Advancing educators and education by defining the components and evidence associated with educational scholarship.

Author information

1
Office of Educational Services, Medical College of Wisconsin, Milwaukee, Wisconsin 53226, USA. dsimpson@mcw.edu

Abstract

OBJECTIVE:

This study aimed to establish documentation standards for medical education activities, beyond educational research, for academic promotion consistent with principles of excellence and scholarship.

METHODS:

In 2006 a Consensus Conference on Educational Scholarship was convened by the Association of American Medical Colleges (AAMC) Group on Education Affairs (GEA) to outline a set of documentation standards for use by educators and academic promotion committees.
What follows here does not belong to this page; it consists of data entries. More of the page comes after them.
lemma gamma_type2_restr_iso:
  assumes tm: "tmod M z T" and "gamma_type2 M z T"
  shows "restr_iso M z T L_carrier None L_act"
proof -
  obtain Tr v0 where tree: "rooted_tree Tr T"
    and ray_inj: "\<forall>i j. (T ^^ i) v0 = (T ^^ j) v0 \<longrightarrow> i = j"
    and vertices: "M - {z} = Tr \<union> range (\<lambda>i. (T ^^ i) v0)"
    and tree_root: "\<forall>r\<in>Tr. T r \<notin> Tr \<longrightarrow> T r = v0"
    using assms(2) unfolding gamma_type2_def by (elim exE conjE)
  have ray: "(T ^^ i) v0 \<in> M - {z}" for i
    using vertices by blast
  have reach: "\<exists>p q. (T ^^ p) m = (T ^^ q) v0" if m: "m \<in> M" "m \<noteq> z" for m
  proof (cases "m \<in> Tr")
    case True
    obtain r n where "r \<in> Tr" "T r \<notin> Tr" "(T ^^ n) m = r"
      using tree True by (rule rooted_tree_reaches_root)
    then have "(T ^^ Suc n) m = (T ^^ 0) v0"
      using tree_root by simp
    then show ?thesis
      by blast
  next
    case False
    then obtain i where "m = (T ^^ i) v0"
      using vertices m by blast
    then have "(T ^^ 0) m = (T ^^ i) v0"
      by simp
    then show ?thesis
      by blast
  qed
  show ?thesis
    unfolding L_carrier_def UNIV_option_conv
  proof (rule restr_iso_onto_orbit[OF tm])
    show "v0 \<in> M" "(T ^^ n) v0 \<noteq> z" for n
      using ray[of 0] ray[of n] by auto
    show "\<exists>p q. (T ^^ p) m = (T ^^ q) v0" if "m \<in> M" "m \<noteq> z" for m
      using reach that .
    have "Some (int x - int y) = Some (int u - int v) \<longleftrightarrow> x + v = u + y" for x y u v
      by auto
    also have "x + v = u + y \<longleftrightarrow> (T ^^ (x + v)) v0 = (T ^^ (u + y)) v0" for x y u v
      using ray_inj by auto
    finally show "Some (int x - int y) = Some (int u - int v) \<longleftrightarrow> (T ^^ (x + v)) v0 = (T ^^ (u + y)) v0"
      for x y u v .
  qed (simp_all add: L_act_def)
qed
lemma comaximal_maximal_ideals:
  assumes m: "maximal_ideal m" and n: "maximal_ideal n" and "m \<noteq> n"
  shows "comaximal m n"
proof -
  let ?J = "{i + j | i j. i \<in> m \<and> j \<in> n}"
  have ideals: "two_sided_ideal m" "two_sided_ideal n"
    using m n by (auto simp: maximal_ideal_def)
  have m_sub: "m \<subseteq> ?J"
  proof
    fix x assume "x \<in> m"
    then show "x \<in> ?J"
      using ideals(2) unfolding two_sided_ideal_def by (intro CollectI exI[of _ x] exI[of _ 0]) simp
  qed
  have n_sub: "n \<subseteq> ?J"
  proof
    fix x assume "x \<in> n"
    then show "x \<in> ?J"
      using ideals(1) unfolding two_sided_ideal_def by (intro CollectI exI[of _ 0] exI[of _ x]) simp
  qed
  have "?J = UNIV"
  proof (rule ccontr)
    assume "?J \<noteq> UNIV"
    with m two_sided_ideal_sum[OF ideals] m_sub have "?J = m"
      unfolding maximal_ideal_def by blast
    with n_sub m n \<open>m \<noteq> n\<close> show False
      unfolding maximal_ideal_def by blast
  qed
  then have "1 \<in> ?J"
    by simp
  then show ?thesis
    unfolding comaximal_def by auto
qed

lemma comaximal_product:
  assumes I: "two_sided_ideal I" and "comaximal I J" "comaximal I K"
    and JK: "\<forall>x\<in>J. \<forall>y\<in>K. x * y \<in> P"
  shows "comaximal I P"
proof -
  obtain i j where ij: "i \<in> I" "j \<in> J" "i + j = 1"
    using \<open>comaximal I J\<close> unfolding comaximal_def by blast
  obtain i' k where ik: "i' \<in> I" "k \<in> K" "i' + k = 1"
    using \<open>comaximal I K\<close> unfolding comaximal_def by blast
  have "1 = (i + j) * (i' + k)"
    using ij ik by simp
  also have "\<dots> = i * (i' + k) + (j * i' + j * k)"
    by (simp add: algebra_simps)
  also have "\<dots> = (i + j * i') + j * k"
    using ik(3) by (simp add: add.assoc)
  finally have "(i + j * i') + j * k = 1"
    by simp
  moreover have "i + j * i' \<in> I"
    using I ij ik unfolding two_sided_ideal_def by blast
  moreover have "j * k \<in> P"
    using JK ij ik by blast
  ultimately show ?thesis
    unfolding comaximal_def by blast
qed

lemma comaximal_ideal_prod:
  assumes I: "two_sided_ideal I" and "\<forall>n\<in>set ns. comaximal I n"
  shows "comaximal I (ideal_prod ns)"
  using assms(2)
proof (induction ns)
  case Nil
  then show ?case
    using I unfolding comaximal_def two_sided_ideal_def by force
next
  case (Cons n ns)
  then have "comaximal I n" "comaximal I (ideal_prod ns)"
    by auto
  moreover have "\<forall>x\<in>n. \<forall>y\<in>ideal_prod ns. x * y \<in> ideal_prod (n # ns)"
    unfolding ideal_prod.simps by (intro ballI subsetD[OF subset_ideal_gen]) blast
  ultimately show ?case
    by (rule comaximal_product[OF I])
qed

lemma comaximal_W:
  assumes "B \<inter> C = {}" "\<forall>x\<in>B \<union> C. maximal_ideal x" "m \<in> W B" "n \<in> W C"
  shows "comaximal m n"
proof -
  obtain ms ns where m: "m = ideal_prod ms" "set ms \<subseteq> B" and n: "n = ideal_prod ns" "set ns \<subseteq> C"
    using assms(3,4) unfolding W_def by blast
  have "comaximal (ideal_prod ns) x" if x: "x \<in> set ms" for x
  proof -
    have "comaximal x y" if "y \<in> set ns" for y
      using x that m(2) n(2) assms(1,2) by (intro comaximal_maximal_ideals) auto
    moreover have "two_sided_ideal x"
      using x m(2) assms(2) unfolding maximal_ideal_def by blast
    ultimately have "comaximal x (ideal_prod ns)"
      by (intro comaximal_ideal_prod) auto
    then show ?thesis
      by (rule comaximal_sym)
  qed
  then have "comaximal (ideal_prod ns) (ideal_prod ms)"
    by (intro comaximal_ideal_prod two_sided_ideal_ideal_prod) auto
  then show ?thesis
    unfolding m n by (rule comaximal_sym)
qed

lemma
  assumes "gamma_module act"
  shows gamma_module_add_left: "act (a + b) v = act a v + act b v"
    and gamma_module_add_right: "act a (v + w) = act a v + act a w"
    and gamma_module_mult: "act (a * b) v = act a (act b v)"
    and gamma_module_one: "act 1 v = v"
  using assms unfolding gamma_module_def by auto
Conference participants' work was informed by more than 15 years of literature on scholarship, educator portfolios and academic promotion standards.

RESULTS:

The 110 conference participants, including medical school deans, academic promotion committee members, department chairs, faculty and AAMC leaders, re-affirmed the 5 education activity categories (teaching, curriculum, advising and/or mentoring, education leadership and/or administration, and learner assessment), the contents of each category, and cross-category documentation standards. Educational excellence requires documentation of the quantity and quality of education activities. Documenting a scholarly approach requires demonstrating evidence of drawing from and building on the work of others, and documenting scholarship requires contributing work through public display, peer review and dissemination; both involve engagement with the community of educators. Implementation of these standards - quantity, quality and engagement with the education community - should occur in parallel with the development of an infrastructure to support educators, including sustained faculty development for educators, access to educational resources and journals, peer review mechanisms and consultation and support specific to each activity category.

CONCLUSIONS:

Educators' contributions to their institutions must be visible to be valued. The establishment of documentation standards for education activities provides the foundation for academic recognition of educators.